Context SpaceX submitted its S‑1 prospectus to the U.S. Securities and Exchange Commission, confirming a plan to list on Nasdaq under the ticker SPCX, likely in June. The filing marks the first time the company disclosed detailed financials publicly, offering investors a view of its revenue streams, cost structure, and governance.

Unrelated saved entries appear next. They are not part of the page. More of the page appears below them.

(* Let $n\geq 6$ and $p\geq 2$. Then $\rho(\mathbf{S}_{p}(B_{4}))<\rho(\mathbf{S}_{p}(B_{3}))$.
   Context: All graphs are simple and connected; $d_i$ is the degree of $v_i$. The $p$-Sombor matrix $\mathbf{S}_{p}(G)$ has $(i,j)$-entry $(d_i^{p}+d_j^{p})^{1/p}$ if $v_iv_j\in E(G)$ and $0$ otherwise; $\rho(\mathbf{S}_{p}(G))$ is its largest eigenvalue. The diamond is $K_4$ minus an edge; call its two adjacent degree-3 vertices $u,v$ and its two nonadjacent degree-2 vertices $a,b$. $B_3$ is the graph of order $n$ obtained from the diamond by attaching $n-5$ pendant vertices to $u$ and one pendant vertex to $v$; $B_4$ is the graph of order $n$ obtained from the diamond by attaching $n-4$ pendant vertices to $a$. *)

theory Defs
  imports Complex_Main "Jordan_Normal_Form.Char_Poly"
begin

(* A simple graph on the vertex set {0..<n} is given by a symmetric,
   irreflexive edge predicate E. *)

definition degree :: "nat \<Rightarrow> (nat \<Rightarrow> nat \<Rightarrow> bool) \<Rightarrow> nat \<Rightarrow> nat" where
  "degree n E i = card {j \<in> {0..<n}. E i j}"

definition sombor_matrix :: "nat \<Rightarrow> (nat \<Rightarrow> nat \<Rightarrow> bool) \<Rightarrow> real \<Rightarrow> real mat" where
  "sombor_matrix n E p = mat n n (\<lambda>(i,j).
      if E i j then (real (degree n E i) powr p + real (degree n E j) powr p) powr (1/p) else 0)"

(* largest (real) eigenvalue; the matrix is real symmetric so all eigenvalues are real *)
definition rho :: "real mat \<Rightarrow> real" where
  "rho A = Max {k. eigenvalue A k}"

(* Diamond on vertices u = 0, v = 1 (adjacent, degree 3), a = 2, b = 3 (nonadjacent). *)
definition diamond_edge :: "nat \<Rightarrow> nat \<Rightarrow> bool" where
  "diamond_edge i j = ({i,j} \<in> {{0,1},{0,2},{0,3},{1,2},{1,3}})"

(* B3: diamond, n-5 pendant vertices 5..n-1 attached to u = 0,
   one pendant vertex 4 attached to v = 1. *)
definition B3_edge :: "nat \<Rightarrow> nat \<Rightarrow> bool" where
  "B3_edge i j = (diamond_edge i j \<or> {i,j} = {1,4} \<or>
      (\<exists>k. 5 \<le> k \<and> {i,j} = {0,k}))"

(* B4: diamond, n-4 pendant vertices 4..n-1 attached to a = 2. *)
definition B4_edge :: "nat \<Rightarrow> nat \<Rightarrow> bool" where
  "B4_edge i j = (diamond_edge i j \<or> (\<exists>k. 4 \<le> k \<and> {i,j} = {2,k}))"

end

(* Both spectral radii are reached through equitable partitions of the vertex sets.  For B4 the
   quotient eigen-equations have, at any root t4 >= 8 of a secular function, a solution that lifts
   to a positive eigenvector of the nonnegative p-Sombor matrix, so t4 is its spectral radius
   (a Collatz-Wielandt argument).  For B3 every root t3 of its secular function is an eigenvalue.
   It therefore suffices to find M with B4_secular >= 0 > B3_secular at M, giving roots
   t4 <= M < t3 by the intermediate value theorem.  For n >= 10 the root t4 itself works: subtracting
   the two secular equations leaves a convexity inequality for y |-> (D^p + y^p)^(1/p).  For
   6 <= n <= 9 an explicit M is checked, using that the entries lie between the l_3 and l_2 norms of
   the degree pairs when p <= 3, and between the maximum and the l_3 norm when p >= 3. *)

theory Submission
  imports Defs "HOL-Analysis.Convex"
begin

definition pnorm :: "real \<Rightarrow> real \<Rightarrow> real \<Rightarrow> real" where
  "pnorm p x y = (x powr p + y powr p) powr (1/p)"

Key Facts - The company aims to raise up to $75 bn, a figure that would eclipse the $63 bn raised by Saudi Aramco in 2019, positioning the offering as the largest initial public offering on record. - Total revenue for 2025 reached $18.7 bn, while operating losses of $2.6 bn reflected heavy investment in next‑generation rockets and artificial‑intelligence infrastructure. - Starlink, the satellite‑internet arm, generated $11.4 bn in 2025, a 48% year‑on‑year increase, and delivered $4.4 bn of operating income, making it the primary profit centre. - The AI segment, including xAI and the X platform, posted $3.2 bn in revenue but a $6.4 bn operating loss, driven by $12.7 bn in capital spending on data‑center capacity. - Musk will retain roughly 42% of the company’s equity but 79% of voting power thanks to a dual‑class share structure that gives each class a different vote count per share. - SpaceX estimates a total addressable market of $28.5 tn across its launch, satellite, and AI businesses, excluding China and Russia.

What It Means The IPO could inject capital sufficient to fund SpaceX’s ambitious roadmap, which includes deploying AI‑compute satellites by 2028 and scaling orbital solar power to meet AI demand. Retaining a super‑majority of voting rights ensures Musk can steer strategic decisions without shareholder opposition, a feature that may attract investors seeking stable leadership but deter those demanding equal governance.

Market participants will watch the pricing of SPCX shares, the final allocation of voting versus non‑voting stock, and the reaction of institutional investors to the dual‑class model. Analysts will also compare the valuation implied by the $75 bn raise to SpaceX’s $28.5 tn market opportunity, assessing whether the price reflects realistic growth prospects.

Looking ahead, the June listing will reveal how the market prices SpaceX’s blend of high‑growth satellite internet and capital‑intensive AI ambitions, and whether investors accept Musk’s concentrated control as a trade‑off for potential upside.